#### WORK REQUEST
Every entry must be transcribed exactly as written.

#### TASK DATA
locale terminal_kernel =
  fixes m t :: nat and E :: "(nat \<times> nat) set" and k :: "nat \<times> nat \<Rightarrow> real" and q :: "nat \<Rightarrow> real"
  assumes simple: "simple_digraph {1..m} E"
    and kpos: "\<forall>e\<in>E. k e > 0"
    and conn: "weakly_connected {1..m} E"
    and Tterm: "terminal_strong_component {1..m} E {1..t}"
    and qnonneg: "\<forall>j\<in>source_vertices {1..m} E. q j \<ge> 0"
    and qker: "\<forall>i\<in>{1..m}. rect_laplacian_mult {1..m} E k q i = 0"
    and qsupp: "{j \<in> source_vertices {1..m} E. q j \<noteq> 0} = {1..t}"
    and qmono: "\<forall>i. 1 \<le> i \<and> i < t \<longrightarrow> q i \<ge> q (i + 1)"
begin

lemma finite_edges: "finite E"
  using simple finite_subset[of E "{1..m} \<times> {1..m}"] by (simp add: simple_digraph_def)

lemma
  shows T_strongly_connected: "\<forall>u\<in>{1..t}. \<forall>v\<in>{1..t}. (u, v) \<in> E\<^sup>*"
    and T_closed: "\<forall>(a, b)\<in>E. a \<in> {1..t} \<longrightarrow> b \<in> {1..t}"
    and T_nonempty: "1 \<le> t" and T_le: "t \<le> m"
proof -
  have sc: "strong_component {1..m} E {1..t}"
    and cl: "\<forall>u v. (u, v) \<in> E \<and> u \<in> {1..t} \<longrightarrow> v \<in> {1..t}"
    using Tterm unfolding terminal_strong_component_def by blast+
  then show "\<forall>(a, b)\<in>E. a \<in> {1..t} \<longrightarrow> b \<in> {1..t}" by blast
  have ne: "{1..t} \<noteq> {}" and sub: "{1..t} \<subseteq> {1..m}"
    and "\<forall>u\<in>{1..t}. \<forall>v\<in>{1..t}. (u, v) \<in> E\<^sup>*"
    using sc unfolding strong_component_def by blast+
  then show "\<forall>u\<in>{1..t}. \<forall>v\<in>{1..t}. (u, v) \<in> E\<^sup>*" by blast
  from ne show "1 \<le> t" by simp
  with sub show "t \<le> m" by auto
qed

lemma q_pos:
  assumes "j \<in> {1..t}"
  shows "0 < q j"
proof -
  have "j \<in> {j \<in> source_vertices {1..m} E. q j \<noteq> 0}"
    using assms qsupp by simp
  then show ?thesis using qnonneg by (simp add: order.strict_iff_order)
qed

lemma q_zero_outside:
  assumes "(a, b) \<in> E" "a \<notin> {1..t}"
  shows "q a = 0"
proof -
  have "a \<in> source_vertices {1..m} E"
    using assms(1) simple by (auto simp: source_vertices_def simple_digraph_def)
  then show ?thesis using assms(2) qsupp by blast
qed

lemma boundary_flux_q_prefix:
  assumes "c \<le> t"
  shows "boundary_flux E k q {1..c} = 0"
proof -
  have "boundary_flux E k q {1..c} = (\<Sum>i\<in>{1..c}. rect_laplacian_mult {1..m} E k q i)"
    using assms T_le by (intro sum_rect_laplacian_mult_eq_boundary_flux[OF simple, symmetric]) auto
  also have "\<dots> = 0"
    using assms T_le qker by (intro sum.neutral) auto
  finally show ?thesis .
qed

#### TASK RESPONSE
locale terminal_kernel =
  fixes m t :: nat and E :: "(nat \<times> nat) set" and k :: "nat \<times> nat \<Rightarrow> real" and q :: "nat \<Rightarrow> real"
  assumes simple: "simple_digraph {1..m} E"
    and kpos: "\<forall>e\<in>E. k e > 0"
    and conn: "weakly_connected {1..m} E"
    and Tterm: "terminal_strong_component {1..m} E {1..t}"
    and qnonneg: "\<forall>j\<in>source_vertices {1..m} E. q j \<ge> 0"
    and qker: "\<forall>i\<in>{1..m}. rect_laplacian_mult {1..m} E k q i = 0"
    and qsupp: "{j \<in> source_vertices {1..m} E. q j \<noteq> 0} = {1..t}"
    and qmono: "\<forall>i. 1 \<le> i \<and> i < t \<longrightarrow> q i \<ge> q (i + 1)"
begin

lemma finite_edges: "finite E"
  using simple finite_subset[of E "{1..m} \<times> {1..m}"] by (simp add: simple_digraph_def)

lemma
  shows T_strongly_connected: "\<forall>u\<in>{1..t}. \<forall>v\<in>{1..t}. (u, v) \<in> E\<^sup>*"
    and T_closed: "\<forall>(a, b)\<in>E. a \<in> {1..t} \<longrightarrow> b \<in> {1..t}"
    and T_nonempty: "1 \<le> t" and T_le: "t \<le> m"
proof -
  have sc: "strong_component {1..m} E {1..t}"
    and cl: "\<forall>u v. (u, v) \<in> E \<and> u \<in> {1..t} \<longrightarrow> v \<in> {1..t}"
    using Tterm unfolding terminal_strong_component_def by blast+
  then show "\<forall>(a, b)\<in>E. a \<in> {1..t} \<longrightarrow> b \<in> {1..t}" by blast
  have ne: "{1..t} \<noteq> {}" and sub: "{1..t} \<subseteq> {1..m}"
    and "\<forall>u\<in>{1..t}. \<forall>v\<in>{1..t}. (u, v) \<in> E\<^sup>*"
    using sc unfolding strong_component_def by blast+
  then show "\<forall>u\<in>{1..t}. \<forall>v\<in>{1..t}. (u, v) \<in> E\<^sup>*" by blast
  from ne show "1 \<le> t" by simp
  with sub show "t \<le> m" by auto
qed

lemma q_pos:
  assumes "j \<in> {1..t}"
  shows "0 < q j"
proof -
  have "j \<in> {j \<in> source_vertices {1..m} E. q j \<noteq> 0}"
    using assms qsupp by simp
  then show ?thesis using qnonneg by (simp add: order.strict_iff_order)
qed

lemma q_zero_outside:
  assumes "(a, b) \<in> E" "a \<notin> {1..t}"
  shows "q a = 0"
proof -
  have "a \<in> source_vertices {1..m} E"
    using assms(1) simple by (auto simp: source_vertices_def simple_digraph_def)
  then show ?thesis using assms(2) qsupp by blast
qed

lemma boundary_flux_q_prefix:
  assumes "c \<le> t"
  shows "boundary_flux E k q {1..c} = 0"
proof -
  have "boundary_flux E k q {1..c} = (\<Sum>i\<in>{1..c}. rect_laplacian_mult {1..m} E k q i)"
    using assms T_le by (intro sum_rect_laplacian_mult_eq_boundary_flux[OF simple, symmetric]) auto
  also have "\<dots> = 0"
    using assms T_le qker by (intro sum.neutral) auto
  finally show ?thesis .
qed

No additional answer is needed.